Onzan-ji (恩山寺)
BuddhismTemple

Onzan-ji (恩山寺)

The temple where a son lifted the boundary for his mother

Komatsushima, Komatsushima, Tokushima, Japan

At A Glance

Coordinates
33.9860, 134.5782
Suggested Duration
30-45 minutes for a typical visit; longer if doing memorial prayers at the Tamayori Gozen chapel.
Access
Address: 18 Yumoto, Tashiro-chō, Komatsushima, Tokushima 773-0008. About a 1.5 km / 25-minute walk from Tateiwa Station on the JR Mugi Line. Short taxi from the JR Komatsushima area. Free parking on site. Phone: 0885-33-1218 (verify); standard Shikoku 88 nōkyō hours typically 07:00-17:00.

Pilgrim Tips

  • Address: 18 Yumoto, Tashiro-chō, Komatsushima, Tokushima 773-0008. About a 1.5 km / 25-minute walk from Tateiwa Station on the JR Mugi Line. Short taxi from the JR Komatsushima area. Free parking on site. Phone: 0885-33-1218 (verify); standard Shikoku 88 nōkyō hours typically 07:00-17:00.
  • Modest casual is fine. Full pilgrim regalia — white hakui, kasa, kongō-zue — is welcomed but not required.
  • Permitted in grounds. Do not photograph altar interiors without permission. The Biranju tree is one of the most photographed features of the precinct.
  • Do not climb on the Biranju tree — it is a designated prefectural natural monument. The temple's emotional weight can surprise pilgrims; do not push the experience, and do not perform feeling you do not have.

Overview

Onzan-ji, Temple 18 of the Shikoku 88, is the 'Temple of Gratitude.' It stands at the place where Kūkai's mother, Tamayori Gozen, became one of the first women admitted to a previously male-only mountain temple — after he performed a 17-day rite to lift the women's-entry ban. Pilgrims often pause longer here than elsewhere, writing prayers for parents and elders.

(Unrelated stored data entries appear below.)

(* In the setting of the addition algorithm, for every $\varphi\in\mathbb{R}^V$: $\tau(v)=\tau_1(v,\cdot)\ge\tau_2(v,\cdot)\ge\cdots\ge\tau_{|V|}(v,\cdot)\ge0$ pointwise for every $v\in V$; $s_k\in[0,\tau(P_k)]$ for $1\le k\le|V|$; and $s_1\le s_2\le\cdots\le s_{|V|}$. In particular $0\le T^+(\varphi)_v-\varphi_v=\varphi_v-T^-(\varphi)_v\le\tau(v)$ for all $v$.
   Context: Addition algorithm. Let $G=(V,E)$ be a finite connected graph ($v\sim w$ means $(v,w)\in E$), $\tau:V\to[0,\infty)$, $0<\varepsilon\le1/2$, and fix a total order $\preceq$ on $V$. Let $f:\mathbb{R}\to\mathbb{R}$ be $f(x)=0$ for $|x|\ge1$, $f(x)=(1+x)/\varepsilon$ on $[-1,-1+\varepsilon]$, $f(x)=1$ on $[-1+\varepsilon,1-\varepsilon]$, $f(x)=(1-x)/\varepsilon$ on $[1-\varepsilon,1]$. For $v\in V$, $h,t\in\mathbb{R}$ let $m_{v,h,t}(h')=\min(\tau(v)-t,\varepsilon/2)f(h'-h)+t$ if $\tau(v)\ge t$, and $m_{v,h,t}(h')=t$ if $\tau(v)<t$. On input $\varphi\in\mathbb{R}^V$ the algorithm outputs an ordering $P_1,\dots,P_{|V|}$ of $V$, numbers $s_k$ and functions $\tau_k:V\times\mathbb{R}\to\mathbb{R}$: set $\tau_1(v,h)=\tau(v)$; for $k=1,\dots,|V|$: let $P_k$ be the vertex $v\in V\setminus\{P_1,\dots,P_{k-1}\}$ minimizing $\tau_k(v,\varphi_v)$ (ties broken by taking the $\preceq$-smallest); set $s_k=\tau_k(P_k,\varphi_{P_k})$; if $k<|V|$ set $\tau_{k+1}(v,h)=\tau_k(v,h)$ if $v\in\{P_1,\dots,P_k\}$ or $v\not\sim P_k$, and $\tau_{k+1}(v,h)=\min(\tau_k(v,h),m_{v,\varphi_{P_k},s_k}(h))$ otherwise. Define $T^+(\varphi)_{P_k}=\varphi_{P_k}+s_k$ ($1\le k\le|V|$) and $T^-(\varphi)=2\varphi-T^+(\varphi)$. *)

theory Defs
  imports Main Complex_Main
begin

definition f_eps :: "real \<Rightarrow> real \<Rightarrow> real" where
  "f_eps eps x =
     (if \<bar>x\<bar> \<ge> 1 then 0
      else if x \<le> -1 + eps then (1 + x) / eps
      else if x \<le> 1 - eps then 1
      else (1 - x) / eps)"

definition m_fun :: "('a \<Rightarrow> real) \<Rightarrow> real \<Rightarrow> 'a \<Rightarrow> real \<Rightarrow> real \<Rightarrow> real \<Rightarrow> real" where
  "m_fun tau eps v h t h' =
     (if tau v \<ge> t then min (tau v - t) (eps / 2) * f_eps eps (h' - h) + t else t)"

definition select_vertex :: "'a set \<Rightarrow> ('a \<Rightarrow> 'a \<Rightarrow> bool) \<Rightarrow> ('a \<Rightarrow> real)
                     \<Rightarrow> 'a list \<Rightarrow> ('a \<Rightarrow> real \<Rightarrow> real) \<Rightarrow> 'a" where
  "select_vertex V le phi Ps t =
     (THE v. v \<in> V - set Ps \<and>
        (\<forall>w \<in> V - set Ps. t v (phi v) < t w (phi w) \<or>
                          (t v (phi v) = t w (phi w) \<and> le v w)))"

text \<open>alg_state k = ([P_1,...,P_k], tau_{k+1}).\<close>
fun alg_state :: "'a set \<Rightarrow> ('a \<times> 'a) set \<Rightarrow> ('a \<Rightarrow> 'a \<Rightarrow> bool) \<Rightarrow> ('a \<Rightarrow> real) \<Rightarrow> real
                  \<Rightarrow> ('a \<Rightarrow> real) \<Rightarrow> nat \<Rightarrow> 'a list \<times> ('a \<Rightarrow> real \<Rightarrow> real)" where
  "alg_state V E le tau eps phi 0 = ([], (\<lambda>v h. tau v))"
| "alg_state V E le tau eps phi (Suc k) =
     (let (Ps, t) = alg_state V E le tau eps phi k;
          p = select_vertex V le phi Ps t;
          s = t p (phi p);
          Ps' = Ps @ [p]
      in (Ps', (\<lambda>v h. if v \<in> set Ps' \<or> (v, p) \<notin> E then t v h
                       else min (t v h) (m_fun tau eps v (phi p) s h))))"

definition tauk :: "'a set \<Rightarrow> ('a \<times> 'a) set \<Rightarrow> ('a \<Rightarrow> 'a \<Rightarrow> bool) \<Rightarrow> ('a \<Rightarrow> real) \<Rightarrow> real
                  \<Rightarrow> ('a \<Rightarrow> real) \<Rightarrow> nat \<Rightarrow> 'a \<Rightarrow> real \<Rightarrow> real" where
  "tauk V E le tau eps phi k = snd (alg_state V E le tau eps phi (k - 1))"

definition Pk :: "'a set \<Rightarrow> ('a \<times> 'a) set \<Rightarrow> ('a \<Rightarrow> 'a \<Rightarrow> bool) \<Rightarrow> ('a \<Rightarrow> real) \<Rightarrow> real
                  \<Rightarrow> ('a \<Rightarrow> real) \<Rightarrow> nat \<Rightarrow> 'a" where
  "Pk V E le tau eps phi k =
     select_vertex V le phi (fst (alg_state V E le tau eps phi (k - 1)))
                     (snd (alg_state V E le tau eps phi (k - 1)))"

definition sk :: "'a set \<Rightarrow> ('a \<times> 'a) set \<Rightarrow> ('a \<Rightarrow> 'a \<Rightarrow> bool) \<Rightarrow> ('a \<Rightarrow> real) \<Rightarrow> real
                  \<Rightarrow> ('a \<Rightarrow> real) \<Rightarrow> nat \<Rightarrow> real" where
  "sk V E le tau eps phi k =
     tauk V E le tau eps phi k (Pk V E le tau eps phi k) (phi (Pk V E le tau eps phi k))"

Climb the wooded slope to Onzan-ji and you arrive at a temple shaped by an unusual story — the moment a sacred mountain opened. Around 814-815, while Kūkai was practising on this mountain, his elderly mother Tamayori Gozen travelled from Sanuki (today's Kagawa) to see him. The mountain held the nyonin kekkai, the women's-entry ban that was standard at many esoteric Buddhist sites. She was stopped at the foot of Hanaorizaka Hill. Kūkai, the founder of Japanese Shingon, performed a 17-day esoteric ritual to lift the boundary. After the ban was lifted, his mother ascended, shaved her head, and lived as a nun under his care. He renamed the temple Onzan-ji — 'Temple of Gratitude Mountain' — for her. The Yakushi Nyorai enshrined in the Hondō predates this story: Onzan-ji's first founding is attributed to Gyōki in the Tenpyō era (729-749) as a Bishamonten chapel. Kūkai's reconfiguration around 815 layered a son's filial vow over the older site. Today, the small chapel of Tamayori Gozen — Daishi-no-Hahadō — sits within the precinct, and a Biranju tree, designated a prefectural natural monument, is said to mark the spot where the ban was lifted. Pilgrims write osamefuda for their own mothers here. They stand at the red-railed bridge near the Biranju and remember. Onzan-ji often functions as the temple where the henro becomes personal — where the abstract idea of shugyō (training) takes the shape of someone you actually love, someone who raised you. The temple remains a working Kōyasan Shingon site, with daily services, regular pilgrim flow, and memorial services especially around Higan and Obon. Walking pilgrims continuing south will cross Hanaorizaka, the same hill where, in legend, the boundary once held.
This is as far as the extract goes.